The company's unified lab informatics platform encompasses Laboratory Information Management Systems (LIMS), Electronic Lab Notebooks (ELN), and Scientific Data Management Systems (SDMS). This cloud-native, low-code/no-code solution is designed for rapid deployment, user configurability, and scalability across research and regulated environments.

Sapio Sciences is led by founder and CEO Kevin Cramer. As of 2025, the leadership team includes Gordon McCall (Chief Operating Officer), Mike Hampton (Chief Commercial Officer), and Rob Brown, Ph.D. (Global Vice President and Head of the Scientific Office). Rob Brown's role focuses on developing AI-powered, scientist-centric solutions to streamline workflows in biopharma R&D, clinical diagnostics, and pharmaceutical manufacturing.

In December 2022, GHO Capital Partners, a European specialist investor in global healthcare, invested in Sapio Sciences, supporting Sapio's international expansion, particularly in Europe, and accelerating innovation in AI-assisted lab informatics technologies.

Sapio maintains certifications such as SOC 2 Type 2 and HIPAA/HITECH (completed August 2024) and HDS (Hébergeur de Données de Santé) Certification (achieved January 2025). Its platform complies with FDA 21 CFR Part 11, EU Annex 11, and other Good Practice (GxP) requirements.
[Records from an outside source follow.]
lemma cnj_b_mult: "cnj b * b = 1 - r\<^sup>2"
proof -
  have "cnj b * b = complex_of_real ((cmod b)\<^sup>2)"
    by (subst complex_norm_square) (rule mult.commute)
  also have "(cmod b)\<^sup>2 = 1 - r\<^sup>2"
    using unitary2_row_norm[OF unitary] by linarith
  finally show ?thesis
    by simp
qed

lemma omega_add_inverse: "\<omega> + 1 / \<omega> = 2 * r * cos \<theta>"
proof -
  have "\<omega> + inverse \<omega> = 2 * complex_of_real r * cos \<theta>"
    using cos_angle r_pos omega_nonzero unfolding xfun_def by (simp add: divide_simps ac_simps)
  then show ?thesis
    by (simp add: inverse_eq_divide)
qed

lemma Re_omega: "Re \<omega> = r * cos \<theta>"
proof -
  have "complex_of_real (2 * Re \<omega>) = complex_of_real (2 * (r * cos \<theta>))"
    using omega_add_inverse divide_conv_cnj[OF unit_omega, of 1] by (simp add: complex_add_cnj)
  then show ?thesis
    by (simp only: of_real_eq_iff)
qed

lemma norm_s: "cmod s = 1"
proof -
  have "(cmod s)\<^sup>2 = 1"
    using unitary2_det_norm[OF unitary] det_sqrt by (metis norm_power)
  then show ?thesis
    using norm_ge_zero[of s] by (auto simp: power2_eq_1_iff)
qed

definition \<mu> :: complex where
  "\<mu> = s * r / a"

lemma norm_mu: "cmod \<mu> = 1"
  unfolding \<mu>_def norm_divide norm_mult norm_of_real norm_s using r_pos by simp

definition wave :: "real \<Rightarrow> complex" where
  "wave t = sin \<theta> * cos t + (cos \<theta> - r / \<omega>) * complex_of_real (sin t)"

lemma wave_shift:
  "\<omega> * wave (t - \<theta>) = r * wave t - (1 - r\<^sup>2) / \<omega> * complex_of_real (sin t)"
proof -
  have "sin t = sin \<theta> * cos (t - \<theta>) + cos \<theta> * sin (t - \<theta>)"
    using sin_add[of \<theta> "t - \<theta>"] by (simp add: mult.commute)
  then have "\<omega> * wave (t - \<theta>) = \<omega> * complex_of_real (sin t) - r * complex_of_real (sin (t - \<theta>))"
    unfolding wave_def using omega_nonzero by (simp add: field_simps)
  also have "\<dots> = r * complex_of_real (sin (t + \<theta>) + sin (t - \<theta>)) - complex_of_real (sin t) / \<omega>
      - r * complex_of_real (sin (t - \<theta>))"
  proof -
    have "(\<omega> + 1 / \<omega>) * complex_of_real (sin t) = r * complex_of_real (sin (t + \<theta>) + sin (t - \<theta>))"
      unfolding omega_add_inverse sin_add sin_diff by simp
    then show ?thesis
      using omega_nonzero by (simp add: field_simps)
  qed
  also have "\<dots> = r * wave t - (1 - r\<^sup>2) / \<omega> * complex_of_real (sin t)"
    unfolding wave_def sin_add using omega_nonzero by (simp add: field_simps power2_eq_square)
  finally show ?thesis .
qed

text \<open>
  The homogeneous solution whose first component vanishes at the right edge \<open>n = M - 1\<close>; the
  transfer matrix of the recursion has eigenvalues \<open>\<mu> e\<^sup>\<plusminus>\<^sup>i\<^sup>\<theta>\<close>.
\<close>
definition right_fst :: "nat \<Rightarrow> nat \<Rightarrow> complex" where
  "right_fst M n = \<mu> ^ n * (b * r / (a * \<omega>)) * complex_of_real (sin ((real M - 1 - real n) * \<theta>))"

definition right_snd :: "nat \<Rightarrow> nat \<Rightarrow> complex" where
  "right_snd M n = \<mu> ^ n * wave ((real M - 1 - real n) * \<theta>)"

lemma phase_Suc: "(real M - 1 - real (Suc n)) * \<theta> = (real M - 1 - real n) * \<theta> - \<theta>"
  by (simp add: algebra_simps)

lemma right_fst_step:
  "s * \<omega> * right_fst M n = a * right_fst M (Suc n) + b * right_snd M (Suc n)"
proof -
  define t where "t = (real M - 1 - real n) * \<theta>"
  have "sin t = sin \<theta> * cos (t - \<theta>) + cos \<theta> * sin (t - \<theta>)"
    using sin_add[of \<theta> "t - \<theta>"] by (simp add: mult.commute)
  then show ?thesis
    unfolding right_fst_def right_snd_def wave_def phase_Suc t_def[symmetric] \<mu>_def
    using a_nonzero omega_nonzero by (simp add: field_simps)
qed

lemma right_snd_step:
  "s * \<omega> * right_snd M (Suc n) = c * right_fst M n + d * right_snd M n"
proof -
  define t where "t = (real M - 1 - real n) * \<theta>"
  define D where "D = a * d - b * c"
  have c: "c = - D * cnj b" and d: "d = D * cnj a"
    using unitary2_adjugate[OF unitary] unfolding D_def by simp_all
  have cnj_a: "cnj a = r\<^sup>2 / a" and cnj_b: "cnj b = (1 - r\<^sup>2) / b"
    using cnj_a_mult cnj_b_mult a_nonzero b_nonzero by (simp_all add: field_simps)
  have "s * \<omega> * right_snd M (Suc n) = \<mu> ^ n * (s * \<mu>) * (\<omega> * wave (t - \<theta>))"
    unfolding right_snd_def phase_Suc t_def[symmetric] by (simp add: algebra_simps)
  also have "\<dots> = \<mu> ^ n * (D * r / a) * (r * wave t - (1 - r\<^sup>2) / \<omega> * complex_of_real (sin t))"
    using det_sqrt unfolding wave_shift \<mu>_def D_def by (simp add: power2_eq_square)
  also have "\<dots> = c * right_fst M n + d * right_snd M n"
    unfolding right_fst_def right_snd_def c d t_def[symmetric] cnj_a cnj_b
    using a_nonzero b_nonzero omega_nonzero by (simp add: field_simps power2_eq_square)
  finally show ?thesis .
qed

lemma norm_wave_sq: "(cmod (wave t))\<^sup>2 = amp_sq r \<theta> t"
proof -
  have Im_omega: "(Im \<omega>)\<^sup>2 = 1 - r\<^sup>2 * (cos \<theta>)\<^sup>2"
    using unit_omega Re_omega cmod_power2[of \<omega>] by (simp add: power_mult_distrib)
  have "Re (wave t) = sin \<theta> * cos t + (1 - r\<^sup>2) * cos \<theta> * sin t"
    and "Im (wave t) = r * Im \<omega> * sin t"
    unfolding wave_def divide_conv_cnj[OF unit_omega] using Re_omega
    by (simp_all add: algebra_simps power2_eq_square)
  then show ?thesis
    unfolding cmod_power2[of "wave t"] amp_sq_def using Im_omega by (simp add: power_mult_distrib)
qed

lemma norm_right_fst_sq:
  "(cmod (right_fst M n))\<^sup>2 = (1 - r\<^sup>2) * (sin ((real M - 1 - real n) * \<theta>))\<^sup>2"
  using norm_mu unitary2_row_norm[OF unitary] unit_omega r_pos
  unfolding right_fst_def by (simp add: norm_mult norm_divide norm_power power_mult_distrib power_divide)

lemma norm_right_snd_sq: "(cmod (right_snd M n))\<^sup>2 = amp_sq r \<theta> ((real M - 1 - real n) * \<theta>)"
  using norm_mu unfolding right_snd_def norm_mult norm_power norm_wave_sq[symmetric] by simp

lemma energy_formula:
  assumes M: "M \<ge> 1"
  shows "energy a b c d s M \<omega> =
    (\<Sum>k<M. (1 - r\<^sup>2) * (sin (real k * \<theta>))\<^sup>2 + amp_sq r \<theta> (real k * \<theta>)) / amp_sq r \<theta> (real (M - 1) * \<theta>)"
proof -
  have amp_pos: "0 < amp_sq r \<theta> t" for t
    using amp_sq_pos[OF r_pos r_less_one angle] .
  have z: "s * \<omega> \<noteq> 0"
    using norm_s omega_nonzero by auto
  have right_edge: "right_fst M (M - 1) = 0" "right_snd M (M - 1) \<noteq> 0"
    using M norm_mu sin_gt_zero[OF angle] unfolding right_fst_def right_snd_def wave_def
    by (auto simp: of_nat_diff)
  have left_edge: "right_snd M 0 \<noteq> 0"
    using norm_right_snd_sq[of M 0] amp_pos[of "(real M - 1 - real 0) * \<theta>"] by auto
  have "energy a b c d s M \<omega> =
      (\<Sum>n<M. (cmod (right_fst M n))\<^sup>2 + (cmod (right_snd M n))\<^sup>2) / (cmod (s * \<omega> * right_snd M 0))\<^sup>2"
    by (rule energy_eq_backward_solution[OF M z d_nonzero right_fst_step right_snd_step right_edge left_edge])
  also have "(cmod (s * \<omega> * right_snd M 0))\<^sup>2 = amp_sq r \<theta> (real (M - 1) * \<theta>)"
    using norm_right_snd_sq[of M 0] norm_s unit_omega M by (simp add: norm_mult of_nat_diff)
  also have "(\<Sum>n<M. (cmod (right_fst M n))\<^sup>2 + (cmod (right_snd M n))\<^sup>2) =
      (\<Sum>n<M. (1 - r\<^sup>2) * (sin (real (M - Suc n) * \<theta>))\<^sup>2 + amp_sq r \<theta> (real (M - Suc n) * \<theta>))"
    by (rule sum.cong) (auto simp: norm_right_fst_sq norm_right_snd_sq of_nat_diff diff_diff_eq)
  also have "\<dots> = (\<Sum>k<M. (1 - r\<^sup>2) * (sin (real k * \<theta>))\<^sup>2 + amp_sq r \<theta> (real k * \<theta>))"
    by (rule sum.nat_diff_reindex)
  finally show ?thesis .
qed

end

section \<open>Asymptotics\<close>

lemma sin_mult_sum_cos_double:
  "2 * sin t * (\<Sum>k<M. cos (2 * real k * t)) = sin ((2 * real M - 1) * t) + sin t"
proof (induction M)
  case 0
  then show ?case
    by simp
next
  case (Suc M)
  have "2 * sin t * (\<Sum>k<Suc M. cos (2 * real k * t)) =
      sin (2 * real M * t - t) + sin t + 2 * sin t * cos (2 * real M * t)"
    using Suc.IH by (simp add: algebra_simps)
  also have "\<dots> = sin (2 * real M * t + t) + sin t"
    by (simp add: sin_add sin_diff)
  finally show ?case
    by (simp add: algebra_simps)
qed

lemma sum_sin_sq_closed_form:
  assumes "sin t \<noteq> 0"
  shows "(\<Sum>k<M. (sin (real k * t))\<^sup>2) = real M / 2 - (sin ((2 * real M - 1) * t) + sin t) / (4 * sin t)"
proof -
  have "(\<Sum>k<M. (sin (real k * t))\<^sup>2) = (\<Sum>k<M. 1 / 2 - cos (2 * real k * t) / 2)"
  proof (rule sum.cong)
    fix k
    have "cos (2 * real k * t) = 1 - 2 * (sin (real k * t))\<^sup>2"
      using cos_double_sin[of "real k * t"] by (simp add: mult.assoc)
    then show "(sin (real k * t))\<^sup>2 = 1 / 2 - cos (2 * real k * t) / 2"
      by (simp add: field_simps)
  qed simp
  also have "\<dots> = real M / 2 - (2 * sin t * (\<Sum>k<M. cos (2 * real k * t))) / (4 * sin t)"
    using assms by (simp add: sum_subtractf sum_divide_distrib)
  finally show ?thesis
    unfolding sin_mult_sum_cos_double .
qed

lemma sin_sq_mult_pi_minus: "(sin (real k * (pi - x)))\<^sup>2 = (sin (real k * x))\<^sup>2"
proof -
  have "sin (real k * (pi - x)) = - ((-1) ^ k * sin (real k * x))"
    by (simp add: right_diff_distrib sin_diff)
  then show ?thesis
    by (simp add: power_mult_distrib flip: power_mult)
qed

lemma tendsto_sin_div_self: "((\<lambda>x::real. sin x / x) \<longlongrightarrow> 1) (at 0)"
  using DERIV_D[OF DERIV_sin[of 0]] by simp

lemma scaled_angle_tendsto:
  fixes t :: "nat \<Rightarrow> real"
  assumes lim: "(\<lambda>M. real M * t M) \<longlonglongrightarrow> \<tau>" and nonzero: "eventually (\<lambda>M. t M \<noteq> 0) sequentially"
  shows "t \<longlonglongrightarrow> 0" and "(\<lambda>M. real M * sin (t M)) \<longlonglongrightarrow> \<tau>"
proof -
  have "(\<lambda>M. real M * t M * inverse (real M)) \<longlonglongrightarrow> 0"
    using tendsto_mult[OF lim lim_inverse_n] by simp
  moreover have "eventually (\<lambda>M. real M * t M * inverse (real M) = t M) sequentially"
    using eventually_gt_at_top[of 0] by eventually_elim simp
  ultimately show t: "t \<longlonglongrightarrow> 0"
    by (rule Lim_transform_eventually)
  have "filterlim t (at 0) sequentially"
    unfolding filterlim_at using t nonzero by simp
  then have "(\<lambda>M. real M * t M * (sin (t M) / t M)) \<longlonglongrightarrow> \<tau>"
    using tendsto_mult[OF lim filterlim_compose[OF tendsto_sin_div_self]] by (simp only: mult_1_right)
  moreover have "eventually (\<lambda>M. real M * t M * (sin (t M) / t M) = real M * sin (t M)) sequentially"
    using nonzero by eventually_elim simp
  ultimately show "(\<lambda>M. real M * sin (t M)) \<longlonglongrightarrow> \<tau>"
    by (rule Lim_transform_eventually)
qed

lemma mean_sin_sq_tendsto:
  fixes t :: "nat \<Rightarrow> real"
  assumes lim: "(\<lambda>M. real M * t M) \<longlonglongrightarrow> \<tau>" and "0 < \<tau>" and pos: "eventually (\<lambda>M. 0 < t M) sequentially"
  shows "(\<lambda>M. (\<Sum>k<M. (sin (real k * t M))\<^sup>2) / real M) \<longlonglongrightarrow> 1 / 2 - sin (2 * \<tau>) / (4 * \<tau>)"
proof -
  have t: "t \<longlonglongrightarrow> 0" and Msin: "(\<lambda>M. real M * sin (t M)) \<longlonglongrightarrow> \<tau>"
    using scaled_angle_tendsto[OF lim eventually_mono[OF pos]] by auto
  have "(\<lambda>M. 1 / 2 - (sin (2 * (real M * t M) - t M) + sin (t M)) / (4 * (real M * sin (t M))))
      \<longlonglongrightarrow> 1 / 2 - (sin (2 * \<tau> - 0) + sin 0) / (4 * \<tau>)"
    using \<open>0 < \<tau>\<close> by (intro tendsto_intros lim t Msin) simp
  then have "(\<lambda>M. 1 / 2 - (sin (2 * (real M * t M) - t M) + sin (t M)) / (4 * (real M * sin (t M))))
      \<longlonglongrightarrow> 1 / 2 - sin (2 * \<tau>) / (4 * \<tau>)"
    by simp
  moreover have "eventually (\<lambda>M. t M < pi) sequentially"
    using t pi_gt_zero by (rule order_tendstoD)
  then have "eventually (\<lambda>M.
      1 / 2 - (sin (2 * (real M * t M) - t M) + sin (t M)) / (4 * (real M * sin (t M))) =
      (\<Sum>k<M. (sin (real k * t M))\<^sup>2) / real M) sequentially"
    using pos eventually_gt_at_top[of 0]
  proof eventually_elim
    case (elim M)
    then have "sin (t M) > 0"
      by (simp add: sin_gt_zero)
    moreover have "(2 * real M - 1) * t M = 2 * (real M * t M) - t M"
      by (simp add: algebra_simps)
    ultimately have closed: "(\<Sum>k<M. (sin (real k * t M))\<^sup>2) =
        real M / 2 - (sin (2 * (real M * t M) - t M) + sin (t M)) / (4 * sin (t M))"
      using sum_sin_sq_closed_form[of "t M" M] by simp
    show ?case
      unfolding closed using elim by (simp add: diff_divide_distrib divide_divide_eq_left mult.commute)
  qed
  ultimately show ?thesis
    by (rule Lim_transform_eventually)
qed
The company supports its customers through a global partner program and an ecosystem of systems integrators, contract research organizations (CROs), and consulting firms. This includes partnerships with firms like Excelra, CSols Inc., Astrix, EPAM, and Cognitive Networks. Sapio's customer success model encompasses dedicated onboarding, regulatory validation support, and lifecycle optimization to align software deployments with scientific and operational outcomes.

== Products ==
Sapio Sciences offers a unified lab informatics platform that combines three core components:

- Laboratory Information Management System (LIMS): Enables end-to-end automation of lab workflows, including sample and materials tracking, batch processing, audit trails, and compliance with regulatory standards such as FDA 21 CFR Part 11 and EU Annex 11.
- Electronic Lab Notebook (ELN): Provides scientists with an interactive, digital environment to document experiments, collaborate in real time, and standardize protocols. Features include reusable experiment templates, molecular biology design tools, and embedded AI assistance for configuration and data analysis.
- Scientific Data Cloud (SDMS): Centralizes and harmonizes data from instruments and third-party systems into a FAIR-compliant (Findable, Accessible, Interoperable, Reusable) knowledge graph. This system supports advanced search, visualization, and integration with AI/machine learning tools.

All components are built on a single, cloud-native, no-code/low-code platform. This enables scientific teams to design and manage their own workflows without developer support. The platform includes ELaiN, an AI-powered scientific assistant, which allows users to configure workflows, interpret data, and automate tasks using natural language commands.

=== Modular Solutions by Sector ===
Sapio's platform includes preconfigured modules tailored to meet the specific needs of key scientific sectors:

- Biopharma R&D: Supports research in molecular biology, NGS, multimodal and antibody discovery, in vivo studies, histopathology, flow cytometry, and immunogenicity. Built-in tools include CRISPR and plasmid design, PCR setup, and full sample and inventory tracking.
- Clinical and Diagnostics: Designed for diagnostics workflows, including NGS-based testing and clinical data management. Features include HL7 integration, result reporting, and secure physician portals. The system supports compliance with CLIA, CAP, and other regulatory standards.
- Manufacturing and Quality: Offers a GMP-compliant LIMS with modules for environmental monitoring, stability studies, QC testing, and electronic batch records. These solutions are designed to maintain compliance while streamlining quality oversight and production workflows.

This modular architecture allows organizations to tailor the platform to their operational needs while maintaining data continuity, regulatory alignment, and scientific context across functions.